§ **Source records**
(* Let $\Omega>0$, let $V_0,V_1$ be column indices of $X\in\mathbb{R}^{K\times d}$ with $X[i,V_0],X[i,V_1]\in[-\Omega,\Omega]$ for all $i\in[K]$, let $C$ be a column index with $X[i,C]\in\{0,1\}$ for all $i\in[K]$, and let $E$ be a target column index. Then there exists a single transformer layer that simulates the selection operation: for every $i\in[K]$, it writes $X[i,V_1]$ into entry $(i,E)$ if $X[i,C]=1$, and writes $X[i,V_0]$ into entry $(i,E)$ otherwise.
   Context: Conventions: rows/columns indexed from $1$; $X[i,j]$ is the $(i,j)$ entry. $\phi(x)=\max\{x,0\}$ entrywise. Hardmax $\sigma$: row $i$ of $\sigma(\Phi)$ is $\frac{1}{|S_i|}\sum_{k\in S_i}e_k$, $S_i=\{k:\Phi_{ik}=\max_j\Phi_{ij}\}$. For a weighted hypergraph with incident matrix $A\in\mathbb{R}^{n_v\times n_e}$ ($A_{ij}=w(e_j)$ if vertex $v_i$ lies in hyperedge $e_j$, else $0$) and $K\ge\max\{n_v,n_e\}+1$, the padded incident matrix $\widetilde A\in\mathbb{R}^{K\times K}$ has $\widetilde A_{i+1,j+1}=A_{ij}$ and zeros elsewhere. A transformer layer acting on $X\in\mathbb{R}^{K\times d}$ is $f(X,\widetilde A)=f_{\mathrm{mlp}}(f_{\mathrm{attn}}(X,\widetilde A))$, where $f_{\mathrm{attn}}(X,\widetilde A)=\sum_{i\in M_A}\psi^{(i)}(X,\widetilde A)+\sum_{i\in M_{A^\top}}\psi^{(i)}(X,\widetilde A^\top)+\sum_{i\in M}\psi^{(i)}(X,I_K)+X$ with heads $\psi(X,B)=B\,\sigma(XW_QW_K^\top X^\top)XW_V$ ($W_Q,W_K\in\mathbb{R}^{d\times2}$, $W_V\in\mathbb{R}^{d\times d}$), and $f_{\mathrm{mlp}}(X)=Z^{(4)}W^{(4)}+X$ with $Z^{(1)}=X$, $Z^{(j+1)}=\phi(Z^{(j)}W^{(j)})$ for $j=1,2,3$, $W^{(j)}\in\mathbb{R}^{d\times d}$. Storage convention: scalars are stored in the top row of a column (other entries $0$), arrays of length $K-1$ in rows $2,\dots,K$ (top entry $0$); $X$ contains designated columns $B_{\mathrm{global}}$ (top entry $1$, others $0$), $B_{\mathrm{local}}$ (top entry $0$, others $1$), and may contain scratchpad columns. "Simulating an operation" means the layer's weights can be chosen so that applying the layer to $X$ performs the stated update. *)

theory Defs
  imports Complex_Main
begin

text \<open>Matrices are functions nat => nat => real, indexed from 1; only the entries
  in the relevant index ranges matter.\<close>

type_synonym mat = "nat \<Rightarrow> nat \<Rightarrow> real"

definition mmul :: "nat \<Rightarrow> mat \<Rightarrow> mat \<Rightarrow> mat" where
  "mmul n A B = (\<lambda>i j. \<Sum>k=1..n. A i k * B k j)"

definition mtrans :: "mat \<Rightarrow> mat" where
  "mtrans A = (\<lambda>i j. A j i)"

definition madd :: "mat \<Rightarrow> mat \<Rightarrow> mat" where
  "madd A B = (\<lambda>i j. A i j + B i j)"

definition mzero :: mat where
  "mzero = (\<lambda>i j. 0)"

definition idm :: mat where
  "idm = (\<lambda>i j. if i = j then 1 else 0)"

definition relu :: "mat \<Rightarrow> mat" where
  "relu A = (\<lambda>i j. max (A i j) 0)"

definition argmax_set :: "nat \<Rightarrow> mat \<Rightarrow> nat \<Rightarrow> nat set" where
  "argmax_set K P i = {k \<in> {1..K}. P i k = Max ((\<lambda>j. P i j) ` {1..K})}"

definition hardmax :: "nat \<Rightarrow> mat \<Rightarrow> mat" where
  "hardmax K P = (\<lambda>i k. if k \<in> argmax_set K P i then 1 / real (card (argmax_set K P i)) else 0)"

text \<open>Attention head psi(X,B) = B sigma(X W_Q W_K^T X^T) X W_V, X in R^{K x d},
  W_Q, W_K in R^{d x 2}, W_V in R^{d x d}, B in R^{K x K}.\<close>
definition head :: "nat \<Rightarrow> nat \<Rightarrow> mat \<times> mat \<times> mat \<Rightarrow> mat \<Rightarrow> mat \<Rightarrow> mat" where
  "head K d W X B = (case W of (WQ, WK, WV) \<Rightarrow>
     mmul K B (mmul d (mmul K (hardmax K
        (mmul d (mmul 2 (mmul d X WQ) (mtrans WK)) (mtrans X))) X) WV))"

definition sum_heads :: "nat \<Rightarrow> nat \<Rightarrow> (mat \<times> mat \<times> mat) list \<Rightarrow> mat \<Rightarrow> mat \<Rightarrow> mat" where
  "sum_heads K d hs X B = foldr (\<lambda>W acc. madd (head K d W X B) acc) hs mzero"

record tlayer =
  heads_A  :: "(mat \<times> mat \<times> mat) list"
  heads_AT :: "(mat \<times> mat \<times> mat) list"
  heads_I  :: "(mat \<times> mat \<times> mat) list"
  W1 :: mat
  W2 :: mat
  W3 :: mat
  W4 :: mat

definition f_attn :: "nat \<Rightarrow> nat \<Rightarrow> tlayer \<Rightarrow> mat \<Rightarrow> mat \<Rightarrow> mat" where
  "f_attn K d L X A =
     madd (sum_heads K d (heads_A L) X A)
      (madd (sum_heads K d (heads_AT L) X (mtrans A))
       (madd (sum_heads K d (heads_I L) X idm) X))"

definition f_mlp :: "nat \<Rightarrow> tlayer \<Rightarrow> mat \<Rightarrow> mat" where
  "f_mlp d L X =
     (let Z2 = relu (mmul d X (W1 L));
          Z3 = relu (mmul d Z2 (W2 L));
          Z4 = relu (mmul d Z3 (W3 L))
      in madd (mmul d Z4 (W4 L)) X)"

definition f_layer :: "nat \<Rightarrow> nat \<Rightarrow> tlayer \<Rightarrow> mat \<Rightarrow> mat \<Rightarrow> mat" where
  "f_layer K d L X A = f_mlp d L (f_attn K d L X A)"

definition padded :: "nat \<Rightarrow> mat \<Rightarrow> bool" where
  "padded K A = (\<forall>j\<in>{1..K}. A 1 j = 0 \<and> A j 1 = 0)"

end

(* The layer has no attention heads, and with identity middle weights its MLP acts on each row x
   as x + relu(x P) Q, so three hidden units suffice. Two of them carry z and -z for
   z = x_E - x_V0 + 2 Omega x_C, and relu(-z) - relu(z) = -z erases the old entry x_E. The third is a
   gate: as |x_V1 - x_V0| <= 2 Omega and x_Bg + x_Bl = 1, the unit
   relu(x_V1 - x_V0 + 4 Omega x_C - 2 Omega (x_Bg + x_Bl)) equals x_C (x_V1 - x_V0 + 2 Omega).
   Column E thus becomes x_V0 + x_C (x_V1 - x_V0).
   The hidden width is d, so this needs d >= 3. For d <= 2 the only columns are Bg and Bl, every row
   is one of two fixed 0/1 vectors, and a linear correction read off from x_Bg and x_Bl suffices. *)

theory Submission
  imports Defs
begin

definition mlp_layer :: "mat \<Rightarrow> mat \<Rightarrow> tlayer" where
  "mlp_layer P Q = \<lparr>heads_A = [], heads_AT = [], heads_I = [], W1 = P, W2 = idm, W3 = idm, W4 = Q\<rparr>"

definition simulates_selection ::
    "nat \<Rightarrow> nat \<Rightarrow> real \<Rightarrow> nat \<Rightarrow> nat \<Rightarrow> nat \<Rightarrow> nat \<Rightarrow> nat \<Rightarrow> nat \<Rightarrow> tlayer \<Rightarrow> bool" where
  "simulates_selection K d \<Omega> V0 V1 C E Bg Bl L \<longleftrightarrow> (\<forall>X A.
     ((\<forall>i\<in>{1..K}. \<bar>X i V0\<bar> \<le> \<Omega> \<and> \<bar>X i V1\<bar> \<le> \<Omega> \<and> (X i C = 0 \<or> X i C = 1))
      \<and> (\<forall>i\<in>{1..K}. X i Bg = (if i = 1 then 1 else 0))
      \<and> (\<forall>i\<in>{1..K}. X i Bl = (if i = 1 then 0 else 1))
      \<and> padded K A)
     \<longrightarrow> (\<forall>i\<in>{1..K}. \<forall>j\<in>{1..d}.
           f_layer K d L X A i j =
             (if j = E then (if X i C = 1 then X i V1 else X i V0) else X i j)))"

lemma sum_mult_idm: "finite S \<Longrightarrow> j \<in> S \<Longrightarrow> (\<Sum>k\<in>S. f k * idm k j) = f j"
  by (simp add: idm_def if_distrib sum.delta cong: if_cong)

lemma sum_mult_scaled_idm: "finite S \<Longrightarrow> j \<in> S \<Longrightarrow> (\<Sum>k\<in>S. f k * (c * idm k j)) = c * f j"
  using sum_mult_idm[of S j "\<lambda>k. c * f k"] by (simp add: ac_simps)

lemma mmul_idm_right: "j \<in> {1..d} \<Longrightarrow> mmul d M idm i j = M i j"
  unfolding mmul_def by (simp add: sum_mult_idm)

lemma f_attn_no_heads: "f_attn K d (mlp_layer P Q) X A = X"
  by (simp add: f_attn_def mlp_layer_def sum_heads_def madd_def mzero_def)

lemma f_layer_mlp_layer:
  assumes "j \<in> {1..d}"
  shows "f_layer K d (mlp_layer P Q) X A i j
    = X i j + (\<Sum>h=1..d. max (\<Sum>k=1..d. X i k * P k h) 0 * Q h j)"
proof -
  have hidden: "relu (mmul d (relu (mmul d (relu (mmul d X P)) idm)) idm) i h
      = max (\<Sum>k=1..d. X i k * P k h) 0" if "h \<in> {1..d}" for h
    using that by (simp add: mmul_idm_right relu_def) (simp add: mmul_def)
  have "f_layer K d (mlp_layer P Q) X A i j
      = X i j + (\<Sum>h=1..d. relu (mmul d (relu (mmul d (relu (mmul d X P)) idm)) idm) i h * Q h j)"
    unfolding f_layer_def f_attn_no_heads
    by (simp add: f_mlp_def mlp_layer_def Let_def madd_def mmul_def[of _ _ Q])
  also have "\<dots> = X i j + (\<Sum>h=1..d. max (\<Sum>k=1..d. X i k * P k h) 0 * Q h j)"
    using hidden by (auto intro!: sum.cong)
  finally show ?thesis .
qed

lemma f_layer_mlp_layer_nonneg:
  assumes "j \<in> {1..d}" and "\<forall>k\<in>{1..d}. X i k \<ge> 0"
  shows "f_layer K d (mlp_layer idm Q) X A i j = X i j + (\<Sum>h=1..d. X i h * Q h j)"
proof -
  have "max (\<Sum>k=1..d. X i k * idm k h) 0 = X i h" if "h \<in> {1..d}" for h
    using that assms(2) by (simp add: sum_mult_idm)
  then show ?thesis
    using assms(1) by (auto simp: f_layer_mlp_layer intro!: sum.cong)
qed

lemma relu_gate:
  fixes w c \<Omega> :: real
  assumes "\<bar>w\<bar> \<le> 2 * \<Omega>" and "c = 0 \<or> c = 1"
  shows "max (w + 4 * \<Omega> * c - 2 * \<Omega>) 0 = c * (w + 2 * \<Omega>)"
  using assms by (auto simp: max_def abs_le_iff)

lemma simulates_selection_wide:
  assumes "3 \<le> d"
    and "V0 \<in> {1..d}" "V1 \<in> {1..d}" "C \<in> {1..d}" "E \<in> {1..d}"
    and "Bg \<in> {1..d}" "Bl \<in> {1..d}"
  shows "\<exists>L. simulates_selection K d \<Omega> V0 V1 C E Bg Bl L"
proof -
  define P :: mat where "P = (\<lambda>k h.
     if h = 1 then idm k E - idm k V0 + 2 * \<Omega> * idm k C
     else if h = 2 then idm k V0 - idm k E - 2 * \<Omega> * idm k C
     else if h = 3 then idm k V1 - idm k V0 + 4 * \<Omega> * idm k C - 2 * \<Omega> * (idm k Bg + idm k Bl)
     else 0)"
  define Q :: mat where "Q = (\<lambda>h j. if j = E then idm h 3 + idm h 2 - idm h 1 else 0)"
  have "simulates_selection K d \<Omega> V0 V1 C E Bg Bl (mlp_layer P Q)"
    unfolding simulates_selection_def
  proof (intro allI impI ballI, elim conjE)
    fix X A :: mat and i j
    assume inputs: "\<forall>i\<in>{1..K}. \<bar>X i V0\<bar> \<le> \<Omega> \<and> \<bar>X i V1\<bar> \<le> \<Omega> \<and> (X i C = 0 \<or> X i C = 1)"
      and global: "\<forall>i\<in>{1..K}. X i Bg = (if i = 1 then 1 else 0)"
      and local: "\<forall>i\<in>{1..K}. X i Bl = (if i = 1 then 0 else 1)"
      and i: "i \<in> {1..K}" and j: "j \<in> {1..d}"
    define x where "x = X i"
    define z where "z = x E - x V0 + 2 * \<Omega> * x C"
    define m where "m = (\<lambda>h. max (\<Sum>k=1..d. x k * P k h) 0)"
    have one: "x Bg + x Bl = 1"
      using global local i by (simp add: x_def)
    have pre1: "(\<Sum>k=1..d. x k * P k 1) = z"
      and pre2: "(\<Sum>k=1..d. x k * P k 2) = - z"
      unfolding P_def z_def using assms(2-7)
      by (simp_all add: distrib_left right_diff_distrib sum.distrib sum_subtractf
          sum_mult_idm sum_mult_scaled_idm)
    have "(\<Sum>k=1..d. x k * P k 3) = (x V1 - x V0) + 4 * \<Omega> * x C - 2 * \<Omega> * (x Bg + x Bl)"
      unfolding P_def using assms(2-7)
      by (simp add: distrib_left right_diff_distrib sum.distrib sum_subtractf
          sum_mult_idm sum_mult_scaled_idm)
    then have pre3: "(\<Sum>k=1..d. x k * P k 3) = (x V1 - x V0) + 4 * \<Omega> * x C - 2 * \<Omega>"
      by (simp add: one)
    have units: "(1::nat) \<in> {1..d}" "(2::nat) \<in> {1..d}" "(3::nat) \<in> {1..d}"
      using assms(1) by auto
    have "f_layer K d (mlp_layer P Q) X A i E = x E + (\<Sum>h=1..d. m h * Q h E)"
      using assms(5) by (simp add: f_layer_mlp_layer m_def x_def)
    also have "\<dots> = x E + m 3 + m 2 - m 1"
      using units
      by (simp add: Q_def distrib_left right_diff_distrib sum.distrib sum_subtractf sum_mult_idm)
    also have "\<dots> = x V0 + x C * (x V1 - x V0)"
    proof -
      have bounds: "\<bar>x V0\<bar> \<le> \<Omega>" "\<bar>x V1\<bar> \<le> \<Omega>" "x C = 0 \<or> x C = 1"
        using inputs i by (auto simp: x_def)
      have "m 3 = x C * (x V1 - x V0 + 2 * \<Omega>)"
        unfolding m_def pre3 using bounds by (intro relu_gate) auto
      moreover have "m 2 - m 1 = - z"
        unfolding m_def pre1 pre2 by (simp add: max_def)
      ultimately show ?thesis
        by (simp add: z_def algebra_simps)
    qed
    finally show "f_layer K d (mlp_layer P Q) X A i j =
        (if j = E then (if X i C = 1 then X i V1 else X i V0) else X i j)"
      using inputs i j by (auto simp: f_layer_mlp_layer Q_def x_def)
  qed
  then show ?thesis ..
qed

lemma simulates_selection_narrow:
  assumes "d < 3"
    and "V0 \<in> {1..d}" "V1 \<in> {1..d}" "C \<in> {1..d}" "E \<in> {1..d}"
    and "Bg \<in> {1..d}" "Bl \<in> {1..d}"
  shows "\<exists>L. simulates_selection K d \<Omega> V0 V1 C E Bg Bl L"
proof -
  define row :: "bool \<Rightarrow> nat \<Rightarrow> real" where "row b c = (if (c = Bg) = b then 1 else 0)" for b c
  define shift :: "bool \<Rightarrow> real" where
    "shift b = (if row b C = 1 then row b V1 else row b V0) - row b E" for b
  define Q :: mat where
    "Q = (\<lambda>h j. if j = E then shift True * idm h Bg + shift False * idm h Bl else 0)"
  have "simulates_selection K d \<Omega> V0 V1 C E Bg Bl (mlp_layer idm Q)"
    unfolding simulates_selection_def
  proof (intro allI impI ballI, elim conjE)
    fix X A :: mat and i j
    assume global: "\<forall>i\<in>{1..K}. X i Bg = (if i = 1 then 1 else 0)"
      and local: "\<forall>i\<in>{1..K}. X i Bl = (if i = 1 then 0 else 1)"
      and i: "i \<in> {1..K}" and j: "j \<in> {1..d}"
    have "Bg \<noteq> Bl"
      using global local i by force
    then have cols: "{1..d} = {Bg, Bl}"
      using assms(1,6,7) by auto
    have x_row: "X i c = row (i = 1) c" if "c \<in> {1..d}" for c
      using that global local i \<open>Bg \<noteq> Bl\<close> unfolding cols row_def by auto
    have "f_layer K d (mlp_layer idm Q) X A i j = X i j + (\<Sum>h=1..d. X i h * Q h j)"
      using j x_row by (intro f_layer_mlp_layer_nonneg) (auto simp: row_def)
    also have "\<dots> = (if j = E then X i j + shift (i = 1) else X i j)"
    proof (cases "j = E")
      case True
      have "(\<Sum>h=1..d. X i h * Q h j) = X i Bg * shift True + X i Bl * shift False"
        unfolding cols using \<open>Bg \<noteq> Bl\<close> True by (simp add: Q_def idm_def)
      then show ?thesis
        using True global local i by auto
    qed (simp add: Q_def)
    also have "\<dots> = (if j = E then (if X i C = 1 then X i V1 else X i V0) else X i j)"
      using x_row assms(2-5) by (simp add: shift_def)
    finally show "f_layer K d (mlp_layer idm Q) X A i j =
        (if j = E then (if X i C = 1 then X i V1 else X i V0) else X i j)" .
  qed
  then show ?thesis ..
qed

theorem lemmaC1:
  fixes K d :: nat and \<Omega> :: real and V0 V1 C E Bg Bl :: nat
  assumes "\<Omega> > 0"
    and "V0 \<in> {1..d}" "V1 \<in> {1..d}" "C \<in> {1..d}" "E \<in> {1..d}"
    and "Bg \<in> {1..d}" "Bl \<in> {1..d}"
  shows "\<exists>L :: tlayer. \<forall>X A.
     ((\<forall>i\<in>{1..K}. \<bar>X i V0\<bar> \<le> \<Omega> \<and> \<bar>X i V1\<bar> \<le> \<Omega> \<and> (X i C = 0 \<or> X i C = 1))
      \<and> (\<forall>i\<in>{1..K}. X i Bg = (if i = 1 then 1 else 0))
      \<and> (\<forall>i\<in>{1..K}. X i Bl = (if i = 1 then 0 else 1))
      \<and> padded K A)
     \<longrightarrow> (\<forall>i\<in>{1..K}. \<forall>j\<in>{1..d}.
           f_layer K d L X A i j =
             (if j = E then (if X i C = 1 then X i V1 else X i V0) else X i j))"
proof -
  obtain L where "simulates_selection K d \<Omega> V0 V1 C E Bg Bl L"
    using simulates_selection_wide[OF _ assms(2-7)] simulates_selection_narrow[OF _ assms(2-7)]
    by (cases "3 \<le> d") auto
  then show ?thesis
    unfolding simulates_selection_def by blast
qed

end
...
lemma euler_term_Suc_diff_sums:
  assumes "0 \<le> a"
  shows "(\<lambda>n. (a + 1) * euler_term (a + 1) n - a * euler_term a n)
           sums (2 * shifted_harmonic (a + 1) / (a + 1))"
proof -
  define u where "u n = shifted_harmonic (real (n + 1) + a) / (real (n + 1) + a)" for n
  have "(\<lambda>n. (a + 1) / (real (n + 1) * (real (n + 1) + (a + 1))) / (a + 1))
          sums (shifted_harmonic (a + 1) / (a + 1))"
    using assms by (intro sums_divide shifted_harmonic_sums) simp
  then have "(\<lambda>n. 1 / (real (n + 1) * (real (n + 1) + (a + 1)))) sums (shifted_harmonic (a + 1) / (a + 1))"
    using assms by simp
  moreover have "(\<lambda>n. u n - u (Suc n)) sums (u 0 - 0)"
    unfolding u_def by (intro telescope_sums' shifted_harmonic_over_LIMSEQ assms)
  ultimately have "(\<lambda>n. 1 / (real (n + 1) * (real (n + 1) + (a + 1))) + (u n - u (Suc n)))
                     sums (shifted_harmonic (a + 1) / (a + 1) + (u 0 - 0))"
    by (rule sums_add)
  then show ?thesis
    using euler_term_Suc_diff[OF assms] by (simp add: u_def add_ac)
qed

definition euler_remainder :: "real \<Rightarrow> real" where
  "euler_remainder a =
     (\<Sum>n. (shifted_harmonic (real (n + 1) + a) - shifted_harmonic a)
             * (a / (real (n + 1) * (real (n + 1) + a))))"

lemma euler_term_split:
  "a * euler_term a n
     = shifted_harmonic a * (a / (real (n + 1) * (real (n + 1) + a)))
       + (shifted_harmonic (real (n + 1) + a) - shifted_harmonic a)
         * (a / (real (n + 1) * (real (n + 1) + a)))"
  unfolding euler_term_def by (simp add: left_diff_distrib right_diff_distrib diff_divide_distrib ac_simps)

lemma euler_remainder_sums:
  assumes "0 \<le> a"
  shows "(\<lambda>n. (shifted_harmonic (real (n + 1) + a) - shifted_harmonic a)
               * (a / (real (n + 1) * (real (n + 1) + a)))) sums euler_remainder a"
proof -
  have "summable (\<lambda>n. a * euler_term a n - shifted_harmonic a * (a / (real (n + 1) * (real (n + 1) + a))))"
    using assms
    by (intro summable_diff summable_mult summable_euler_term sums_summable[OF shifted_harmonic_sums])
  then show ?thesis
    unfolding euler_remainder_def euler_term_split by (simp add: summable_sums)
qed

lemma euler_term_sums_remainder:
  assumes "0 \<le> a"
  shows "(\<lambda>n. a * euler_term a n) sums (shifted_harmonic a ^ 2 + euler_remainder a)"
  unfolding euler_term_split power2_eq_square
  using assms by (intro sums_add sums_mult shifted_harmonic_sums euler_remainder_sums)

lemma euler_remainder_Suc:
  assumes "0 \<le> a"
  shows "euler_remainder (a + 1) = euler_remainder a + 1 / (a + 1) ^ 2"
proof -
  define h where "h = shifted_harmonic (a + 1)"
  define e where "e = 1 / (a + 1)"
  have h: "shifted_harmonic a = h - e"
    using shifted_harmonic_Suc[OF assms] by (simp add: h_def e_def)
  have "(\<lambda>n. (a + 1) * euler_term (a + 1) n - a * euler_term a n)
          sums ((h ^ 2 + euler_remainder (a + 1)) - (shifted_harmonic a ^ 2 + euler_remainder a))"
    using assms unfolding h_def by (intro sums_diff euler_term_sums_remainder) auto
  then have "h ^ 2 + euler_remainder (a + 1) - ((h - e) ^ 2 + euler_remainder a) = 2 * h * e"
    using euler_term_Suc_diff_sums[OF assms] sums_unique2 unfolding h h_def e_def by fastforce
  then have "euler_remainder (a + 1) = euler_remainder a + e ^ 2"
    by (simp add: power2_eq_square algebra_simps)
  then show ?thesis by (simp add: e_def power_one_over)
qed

§ **Directions for this task**
Copy out whichever lines of the listing contain the word "cong".

§ **Answer area**
  by (simp add: idm_def if_distrib sum.delta cong: if_cong)
    using hidden by (auto intro!: sum.cong)
    using assms(1) by (auto simp: f_layer_mlp_layer intro!: sum.cong)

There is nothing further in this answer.